2. **Chunk boundaries**

   * With **recursive**, splits tend to respect sentence/paragraph breaks.
   * With **character-based**, you’ll often cut right through the middle of a sentence or word at the 1,000th character.

3. **First chunk content**

   * You’ll notice that the first chunk ends exactly at your character limit (minus the overlap), even if that’s mid-sentence.
   * Compare it side-by-side with what you got from the recursive splitter to see how “clean” or “jagged” it feels.

---

### Example (hypothetical) output

```text
After splitting: 14 chunks

First chunk content:
The Adventure of the Blue Carbuncle
Arthur Conan Doyle

One foggy Christmas Eve … [continues up to around character 1000, cutting off mid-sentence]
```

By running both approaches you’ll get a clear sense of when you need sentence-aware splitting versus when a simple character-count splitter will do.


## Loading and Splitting PDF Documents

You've done a great job learning about document loaders and splitting techniques. Now, let's put it all together!

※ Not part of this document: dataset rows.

(* Let $k$ be a commutative ring, $(H,\alpha)$ a monoidal Hom-Hopf algebra with bijective antipode $S$, $(A,\beta)$ a right $(H,\alpha)$-Hom-comodule algebra, and $\phi:H\to A$ a total integral. Suppose that for all $g,h\in H$, $g\,\phi(h)_{[1]}\otimes\phi(h)_{[0]}=\phi(h)_{[1]}\,g\otimes\phi(h)_{[0]}$ and $\phi(h)\in Z(A)$ (the center of $A$). Then $\theta:H\otimes H\to A$, $\theta(g\otimes h)=\phi(hS^{-1}(g))$, is a normalized $(A,\beta)$-integral.
   Context: Hom-category: objects $(M,\mu)$ with $\mu$ a $k$-linear automorphism; morphisms commute with the automorphisms. Monoidal Hom-algebra $(A,\alpha)$: $\alpha(ab)=\alpha(a)\alpha(b)$, $\alpha(1_A)=1_A$, $\alpha(a)(bc)=(ab)\alpha(c)$, $a1_A=1_Aa=\alpha(a)$. Monoidal Hom-coalgebra $(C,\gamma)$: $\Delta(c)=c_{(1)}\otimes c_{(2)}$, $\varepsilon$, $\Delta\gamma=(\gamma\otimes\gamma)\Delta$, $\varepsilon\gamma=\varepsilon$, $\gamma^{-1}(c_{(1)})\otimes c_{(2)(1)}\otimes c_{(2)(2)}=c_{(1)(1)}\otimes c_{(1)(2)}\otimes\gamma(c_{(2)})$, $\varepsilon(c_{(1)})c_{(2)}=\varepsilon(c_{(2)})c_{(1)}=\gamma^{-1}(c)$. Monoidal Hom-Hopf algebra $(H,\alpha)$: both, $\Delta,\varepsilon$ multiplicative and unital, antipode $S$ with $S(h_{(1)})h_{(2)}=h_{(1)}S(h_{(2)})=\varepsilon(h)1_H$, $S\alpha=\alpha S$. Right $(H,\alpha)$-Hom-comodule $(M,\mu)$: $\rho(m)=m_{[0]}\otimes m_{[1]}$, $m_{[0][0]}\otimes m_{[0][1]}\otimes\alpha^{-1}(m_{[1]})=\mu^{-1}(m_{[0]})\otimes\Delta(m_{[1]})$, $m_{[0]}\varepsilon(m_{[1]})=\mu^{-1}(m)$, $\rho(\mu(m))=\mu(m_{[0]})\otimes\alpha(m_{[1]})$. Right Hom-comodule algebra $(A,\beta)$: monoidal Hom-algebra and right $(H,\alpha)$-Hom-comodule with $\rho(ab)=a_{[0]}b_{[0]}\otimes a_{[1]}b_{[1]}$, $\rho(1_A)=1_A\otimes1_H$. Total integral: $k$-linear $\phi:H\to A$ with $\rho_A\phi=(\phi\otimes\mathrm{id}_H)\Delta$, $\phi\alpha=\beta\phi$, $\phi(1_H)=1_A$. Normalized $(A,\beta)$-integral: $k$-linear $\theta:H\otimes H\to A$ with $\theta(\alpha\otimes\alpha)=\beta\theta$ such that for all $g,h\in H$, $a\in A$: (i) $\theta(\alpha^{-1}(g)\otimes h_{(1)})\otimes\alpha(h_{(2)})=\beta(\theta(g_{(2)}\otimes\alpha^{-1}(h))_{[0]})\otimes g_{(1)}\theta(g_{(2)}\otimes\alpha^{-1}(h))_{[1]}$; (ii) $\theta(h_{(1)}\otimes h_{(2)})=\varepsilon(h)1_A$; (iii) $\beta^2(a_{[0][0]})\theta(\alpha^{-1}(g)a_{[0][1]}\otimes\alpha^{-1}(h)\alpha^{-1}(a_{[1]}))=\theta(g\otimes h)a$. *)

theory Defs
  imports Complex_Main
begin

text \<open>Modules over a commutative ring 'k are types of class ab_group_add with an
explicit scalar multiplication (locale module from HOL). Tensor products are
built as the free 'k-module on pairs (triples) modulo the k-multilinearity
relations; an element of a tensor product is represented by a finite formal
sum, i.e. a list of pairs (triples), scalars being absorbed into the first factor.\<close>

definition klin :: "('k::comm_ring_1 \<Rightarrow> 'a::ab_group_add \<Rightarrow> 'a) \<Rightarrow> ('k \<Rightarrow> 'b::ab_group_add \<Rightarrow> 'b) \<Rightarrow> ('a \<Rightarrow> 'b) \<Rightarrow> bool" where
  "klin s t f \<longleftrightarrow> (\<forall>x y. f (x + y) = f x + f y) \<and> (\<forall>c x. f (s c x) = t c (f x))"

definition bilin :: "('k::comm_ring_1 \<Rightarrow> 'a::ab_group_add \<Rightarrow> 'a) \<Rightarrow> ('k \<Rightarrow> 'b::ab_group_add \<Rightarrow> 'b)
    \<Rightarrow> ('k \<Rightarrow> 'c::ab_group_add \<Rightarrow> 'c) \<Rightarrow> ('a \<Rightarrow> 'b \<Rightarrow> 'c) \<Rightarrow> bool" where
  "bilin s1 s2 t f \<longleftrightarrow> (\<forall>x. klin s2 t (f x)) \<and> (\<forall>y. klin s1 t (\<lambda>x. f x y))"

inductive_set kspan :: "('x \<Rightarrow> 'k::comm_ring_1) set \<Rightarrow> ('x \<Rightarrow> 'k) set" for R where
  zero: "(\<lambda>_. 0) \<in> kspan R"
| step: "r \<in> R \<Longrightarrow> f \<in> kspan R \<Longrightarrow> (\<lambda>p. c * r p + f p) \<in> kspan R"

definition dl :: "'x \<Rightarrow> 'x \<Rightarrow> 'k::comm_ring_1" where
  "dl x = (\<lambda>p. if p = x then 1 else 0)"

definition fsum :: "'x list \<Rightarrow> 'x \<Rightarrow> 'k::comm_ring_1" where
  "fsum xs = (\<lambda>p. of_nat (count_list xs p))"

definition tensor2_rel :: "('k::comm_ring_1 \<Rightarrow> 'a::ab_group_add \<Rightarrow> 'a) \<Rightarrow> ('k \<Rightarrow> 'b::ab_group_add \<Rightarrow> 'b)
    \<Rightarrow> ('a \<times> 'b \<Rightarrow> 'k) set" where
  "tensor2_rel s1 s2 =
     {(\<lambda>p. dl (m + m', n) p - dl (m, n) p - dl (m', n) p) | m m' n. True}
   \<union> {(\<lambda>p. dl (m, n + n') p - dl (m, n) p - dl (m, n') p) | m n n'. True}
   \<union> {(\<lambda>p. dl (s1 c m, n) p - c * dl (m, n) p) | c m n. True}
   \<union> {(\<lambda>p. dl (m, s2 c n) p - c * dl (m, n) p) | c m n. True}"

definition tensor_eq2 :: "('k::comm_ring_1 \<Rightarrow> 'a::ab_group_add \<Rightarrow> 'a) \<Rightarrow> ('k \<Rightarrow> 'b::ab_group_add \<Rightarrow> 'b)
    \<Rightarrow> ('a \<times> 'b) list \<Rightarrow> ('a \<times> 'b) list \<Rightarrow> bool" where
  "tensor_eq2 s1 s2 xs ys \<longleftrightarrow>
     (\<lambda>p. (fsum xs p :: 'k) - fsum ys p) \<in> kspan (tensor2_rel s1 s2)"

definition tensor3_rel :: "('k::comm_ring_1 \<Rightarrow> 'a::ab_group_add \<Rightarrow> 'a) \<Rightarrow> ('k \<Rightarrow> 'b::ab_group_add \<Rightarrow> 'b)
    \<Rightarrow> ('k \<Rightarrow> 'c::ab_group_add \<Rightarrow> 'c) \<Rightarrow> ('a \<times> 'b \<times> 'c \<Rightarrow> 'k) set" where
  "tensor3_rel s1 s2 s3 =
     {(\<lambda>p. dl (m + m', n, q) p - dl (m, n, q) p - dl (m', n, q) p) | m m' n q. True}
   \<union> {(\<lambda>p. dl (m, n + n', q) p - dl (m, n, q) p - dl (m, n', q) p) | m n n' q. True}
   \<union> {(\<lambda>p. dl (m, n, q + q') p - dl (m, n, q) p - dl (m, n, q') p) | m n q q'. True}
   \<union> {(\<lambda>p. dl (s1 c m, n, q) p - c * dl (m, n, q) p) | c m n q. True}
   \<union> {(\<lambda>p. dl (m, s2 c n, q) p - c * dl (m, n, q) p) | c m n q. True}
   \<union> {(\<lambda>p. dl (m, n, s3 c q) p - c * dl (m, n, q) p) | c m n q. True}"

definition tensor_eq3 :: "('k::comm_ring_1 \<Rightarrow> 'a::ab_group_add \<Rightarrow> 'a) \<Rightarrow> ('k \<Rightarrow> 'b::ab_group_add \<Rightarrow> 'b)
    \<Rightarrow> ('k \<Rightarrow> 'c::ab_group_add \<Rightarrow> 'c) \<Rightarrow> ('a \<times> 'b \<times> 'c) list \<Rightarrow> ('a \<times> 'b \<times> 'c) list \<Rightarrow> bool" where
  "tensor_eq3 s1 s2 s3 xs ys \<longleftrightarrow>
     (\<lambda>p. (fsum xs p :: 'k) - fsum ys p) \<in> kspan (tensor3_rel s1 s2 s3)"

text \<open>A k-linear map from M into M1 \<otimes> M2, given on representatives.\<close>
definition klin_t2 :: "('k::comm_ring_1 \<Rightarrow> 'm::ab_group_add \<Rightarrow> 'm) \<Rightarrow> ('k \<Rightarrow> 'a::ab_group_add \<Rightarrow> 'a)
    \<Rightarrow> ('k \<Rightarrow> 'b::ab_group_add \<Rightarrow> 'b) \<Rightarrow> ('m \<Rightarrow> ('a \<times> 'b) list) \<Rightarrow> bool" where
  "klin_t2 s s1 s2 D \<longleftrightarrow>
     (\<forall>x y. tensor_eq2 s1 s2 (D (x + y)) (D x @ D y)) \<and>
     (\<forall>c x. tensor_eq2 s1 s2 (D (s c x)) (map (\<lambda>(u, v). (s1 c u, v)) (D x)))"

definition hom_algebra :: "('k::comm_ring_1 \<Rightarrow> 'a::ab_group_add \<Rightarrow> 'a) \<Rightarrow> ('a \<Rightarrow> 'a \<Rightarrow> 'a) \<Rightarrow> 'a \<Rightarrow> ('a \<Rightarrow> 'a) \<Rightarrow> bool" where
  "hom_algebra s m one \<alpha> \<longleftrightarrow>
     module s \<and> klin s s \<alpha> \<and> bij \<alpha> \<and> bilin s s s m \<and>
     (\<forall>a b. \<alpha> (m a b) = m (\<alpha> a) (\<alpha> b)) \<and> \<alpha> one = one \<and>
     (\<forall>a b c. m (\<alpha> a) (m b c) = m (m a b) (\<alpha> c)) \<and>
     (\<forall>a. m a one = \<alpha> a \<and> m one a = \<alpha> a)"

definition hom_coalgebra :: "('k::comm_ring_1 \<Rightarrow> 'c::ab_group_add \<Rightarrow> 'c) \<Rightarrow> ('c \<Rightarrow> ('c \<times> 'c) list)
    \<Rightarrow> ('c \<Rightarrow> 'k) \<Rightarrow> ('c \<Rightarrow> 'c) \<Rightarrow> bool" where
  "hom_coalgebra s D e \<gamma> \<longleftrightarrow>
     module s \<and> klin s s \<gamma> \<and> bij \<gamma> \<and> klin_t2 s s s D \<and> klin s (*) e \<and>
     (\<forall>c. tensor_eq2 s s (D (\<gamma> c)) (map (\<lambda>(x, y). (\<gamma> x, \<gamma> y)) (D c))) \<and>
     (\<forall>c. e (\<gamma> c) = e c) \<and>
     (\<forall>c. tensor_eq3 s s s
           (concat (map (\<lambda>(x, y). map (\<lambda>(u, v). (inv \<gamma> x, u, v)) (D y)) (D c)))
           (concat (map (\<lambda>(x, y). map (\<lambda>(u, v). (u, v, \<gamma> y)) (D x)) (D c)))) \<and>
     (\<forall>c. sum_list (map (\<lambda>(x, y). s (e x) y) (D c)) = inv \<gamma> c \<and>
          sum_list (map (\<lambda>(x, y). s (e y) x) (D c)) = inv \<gamma> c)"

definition hom_hopf :: "('k::comm_ring_1 \<Rightarrow> 'h::ab_group_add \<Rightarrow> 'h) \<Rightarrow> ('h \<Rightarrow> 'h \<Rightarrow> 'h) \<Rightarrow> 'h
    \<Rightarrow> ('h \<Rightarrow> ('h \<times> 'h) list) \<Rightarrow> ('h \<Rightarrow> 'k) \<Rightarrow> ('h \<Rightarrow> 'h) \<Rightarrow> ('h \<Rightarrow> 'h) \<Rightarrow> bool" where
  "hom_hopf s m one D e S \<alpha> \<longleftrightarrow>
     hom_algebra s m one \<alpha> \<and> hom_coalgebra s D e \<alpha> \<and>
     (\<forall>g h. tensor_eq2 s s (D (m g h))
        (concat (map (\<lambda>(x, y). map (\<lambda>(x', y'). (m x x', m y y')) (D h)) (D g)))) \<and>
     tensor_eq2 s s (D one) [(one, one)] \<and>
     (\<forall>g h. e (m g h) = e g * e h) \<and> e one = 1 \<and>
     klin s s S \<and>
     (\<forall>h. sum_list (map (\<lambda>(x, y). m (S x) y) (D h)) = s (e h) one \<and>
          sum_list (map (\<lambda>(x, y). m x (S y)) (D h)) = s (e h) one) \<and>
     (\<forall>h. S (\<alpha> h) = \<alpha> (S h))"

definition hom_comodule :: "('k::comm_ring_1 \<Rightarrow> 'h::ab_group_add \<Rightarrow> 'h) \<Rightarrow> ('h \<Rightarrow> ('h \<times> 'h) list)
    \<Rightarrow> ('h \<Rightarrow> 'k) \<Rightarrow> ('h \<Rightarrow> 'h) \<Rightarrow> ('k \<Rightarrow> 'm::ab_group_add \<Rightarrow> 'm) \<Rightarrow> ('m \<Rightarrow> ('m \<times> 'h) list)
    \<Rightarrow> ('m \<Rightarrow> 'm) \<Rightarrow> bool" where
  "hom_comodule sH D e \<alpha> sM \<rho> \<mu> \<longleftrightarrow>
     module sM \<and> klin sM sM \<mu> \<and> bij \<mu> \<and> klin_t2 sM sM sH \<rho> \<and>
     (\<forall>m. tensor_eq3 sM sH sH
        (concat (map (\<lambda>(x, y). map (\<lambda>(u, v). (u, v, inv \<alpha> y)) (\<rho> x)) (\<rho> m)))
        (concat (map (\<lambda>(x, y). map (\<lambda>(p, q). (inv \<mu> x, p, q)) (D y)) (\<rho> m)))) \<and>
     (\<forall>m. sum_list (map (\<lambda>(x, y). sM (e y) x) (\<rho> m)) = inv \<mu> m) \<and>
     (\<forall>m. tensor_eq2 sM sH (\<rho> (\<mu> m)) (map (\<lambda>(x, y). (\<mu> x, \<alpha> y)) (\<rho> m)))"

definition hom_comodule_algebra :: "('k::comm_ring_1 \<Rightarrow> 'h::ab_group_add \<Rightarrow> 'h) \<Rightarrow> ('h \<Rightarrow> 'h \<Rightarrow> 'h) \<Rightarrow> 'h
    \<Rightarrow> ('h \<Rightarrow> ('h \<times> 'h) list) \<Rightarrow> ('h \<Rightarrow> 'k) \<Rightarrow> ('h \<Rightarrow> 'h)
    \<Rightarrow> ('k \<Rightarrow> 'a::ab_group_add \<Rightarrow> 'a) \<Rightarrow> ('a \<Rightarrow> 'a \<Rightarrow> 'a) \<Rightarrow> 'a \<Rightarrow> ('a \<Rightarrow> ('a \<times> 'h) list)
    \<Rightarrow> ('a \<Rightarrow> 'a) \<Rightarrow> bool" where
  "hom_comodule_algebra sH mH oneH D e \<alpha> sA mA oneA \<rho> \<beta> \<longleftrightarrow>
     hom_algebra sA mA oneA \<beta> \<and> hom_comodule sH D e \<alpha> sA \<rho> \<beta> \<and>
     (\<forall>a b. tensor_eq2 sA sH (\<rho> (mA a b))
        (concat (map (\<lambda>(x, y). map (\<lambda>(x', y'). (mA x x', mH y y')) (\<rho> b)) (\<rho> a)))) \<and>
     tensor_eq2 sA sH (\<rho> oneA) [(oneA, oneH)]"

definition total_integral :: "('k::comm_ring_1 \<Rightarrow> 'h::ab_group_add \<Rightarrow> 'h) \<Rightarrow> 'h
    \<Rightarrow> ('h \<Rightarrow> ('h \<times> 'h) list) \<Rightarrow> ('h \<Rightarrow> 'h)
    \<Rightarrow> ('k \<Rightarrow> 'a::ab_group_add \<Rightarrow> 'a) \<Rightarrow> 'a \<Rightarrow> ('a \<Rightarrow> ('a \<times> 'h) list) \<Rightarrow> ('a \<Rightarrow> 'a)
    \<Rightarrow> ('h \<Rightarrow> 'a) \<Rightarrow> bool" where
  "total_integral sH oneH D \<alpha> sA oneA \<rho> \<beta> \<phi> \<longleftrightarrow>
     klin sH sA \<phi> \<and>
     (\<forall>h. tensor_eq2 sA sH (\<rho> (\<phi> h)) (map (\<lambda>(x, y). (\<phi> x, y)) (D h))) \<and>
     (\<forall>h. \<phi> (\<alpha> h) = \<beta> (\<phi> h)) \<and> \<phi> oneH = oneA"

text \<open>A k-linear map H \<otimes> H \<rightarrow> A is given as a k-bilinear map H \<Rightarrow> H \<Rightarrow> A.\<close>
definition normalized_integral :: "('k::comm_ring_1 \<Rightarrow> 'h::ab_group_add \<Rightarrow> 'h) \<Rightarrow> ('h \<Rightarrow> 'h \<Rightarrow> 'h)
    \<Rightarrow> ('h \<Rightarrow> ('h \<times> 'h) list) \<Rightarrow> ('h \<Rightarrow> 'k) \<Rightarrow> ('h \<Rightarrow> 'h)
    \<Rightarrow> ('k \<Rightarrow> 'a::ab_group_add \<Rightarrow> 'a) \<Rightarrow> ('a \<Rightarrow> 'a \<Rightarrow> 'a) \<Rightarrow> 'a \<Rightarrow> ('a \<Rightarrow> ('a \<times> 'h) list)
    \<Rightarrow> ('a \<Rightarrow> 'a) \<Rightarrow> ('h \<Rightarrow> 'h \<Rightarrow> 'a) \<Rightarrow> bool" where
  "normalized_integral sH mH D e \<alpha> sA mA oneA \<rho> \<beta> \<theta> \<longleftrightarrow>
     bilin sH sH sA \<theta> \<and>
     (\<forall>g h. \<theta> (\<alpha> g) (\<alpha> h) = \<beta> (\<theta> g h)) \<and>
     (\<forall>g h. tensor_eq2 sA sH
        (map (\<lambda>(x, y). (\<theta> (inv \<alpha> g) x, \<alpha> y)) (D h))
        (concat (map (\<lambda>(x, y). map (\<lambda>(u, v). (\<beta> u, mH x v)) (\<rho> (\<theta> y (inv \<alpha> h)))) (D g)))) \<and>
     (\<forall>h. sum_list (map (\<lambda>(x, y). \<theta> x y) (D h)) = sA (e h) oneA) \<and>
     (\<forall>g h a. sum_list (concat (map (\<lambda>(x, y). map (\<lambda>(u, v).
          mA (\<beta> (\<beta> u)) (\<theta> (mH (inv \<alpha> g) v) (mH (inv \<alpha> h) (inv \<alpha> y)))) (\<rho> x)) (\<rho> a)))
        = mA (\<theta> g h) a)"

In this exercise, you'll work with a PDF document and practice the following steps:

Create a PyPDFLoader instance to load the provided PDF file.
Load the document using the loader.
Initialize a RecursiveCharacterTextSplitter with a specified chunk size and overlap.
Use the text splitter to split the document into chunks.
Print the content of the first five chunks to see how the document is divided.
This task will solidify your understanding of loading and splitting documents, setting you up for more advanced processing tasks. Dive in and see how these tools can make document handling a breeze!

```python

from langchain_community.document_loaders import PyPDFLoader
from langchain.text_splitter import RecursiveCharacterTextSplitter

# Define the file path
file_path = "data/the_adventure_of_the_blue_carbuncle.pdf"

# TODO: Create a loader for our document

# TODO: Load the document

# TODO: Initialize a RecursiveCharacterTextSplitter with a specified chunk size and overlap

# TODO: Split the loaded document into chunks using the text splitter

# TODO: Print the content of the first five chunks

```

```python
from langchain_community.document_loaders import PyPDFLoader
from langchain.text_splitter import RecursiveCharacterTextSplitter

# Define the file path
file_path = "data/the_adventure_of_the_blue_carbuncle.pdf"

# Create a loader for our document
loader = PyPDFLoader(file_path)

# Load the document (returns a list of Document objects, one per page)
docs = loader.load()

# Initialize a RecursiveCharacterTextSplitter with a chunk size of 1000 chars and 100-char overlap
text_splitter = RecursiveCharacterTextSplitter(
    chunk_size=1000,
    chunk_overlap=100
)

# Split the loaded document into chunks
split_docs = text_splitter.split_documents(docs)

# Print the content of the first five chunks
for idx, chunk in enumerate(split_docs[:5], start=1):
    print(f"\n--- Chunk {idx} ---\n")
    print(chunk.page_content)
    print("\n" + "-" * 40)
```

**What this does:**

1. **Loads** the PDF into page-based `Document` objects.
2. **Splits** each page recursively at natural boundaries (paragraphs, sentences, etc.) until each chunk is ≤1000 characters, with 100 chars of context overlap.
3. **Prints** the first five chunks so you can inspect how the text was divided.

Run this script to see exactly how your PDF gets loaded and split — a key first step before you move on to embedding or semantic searching!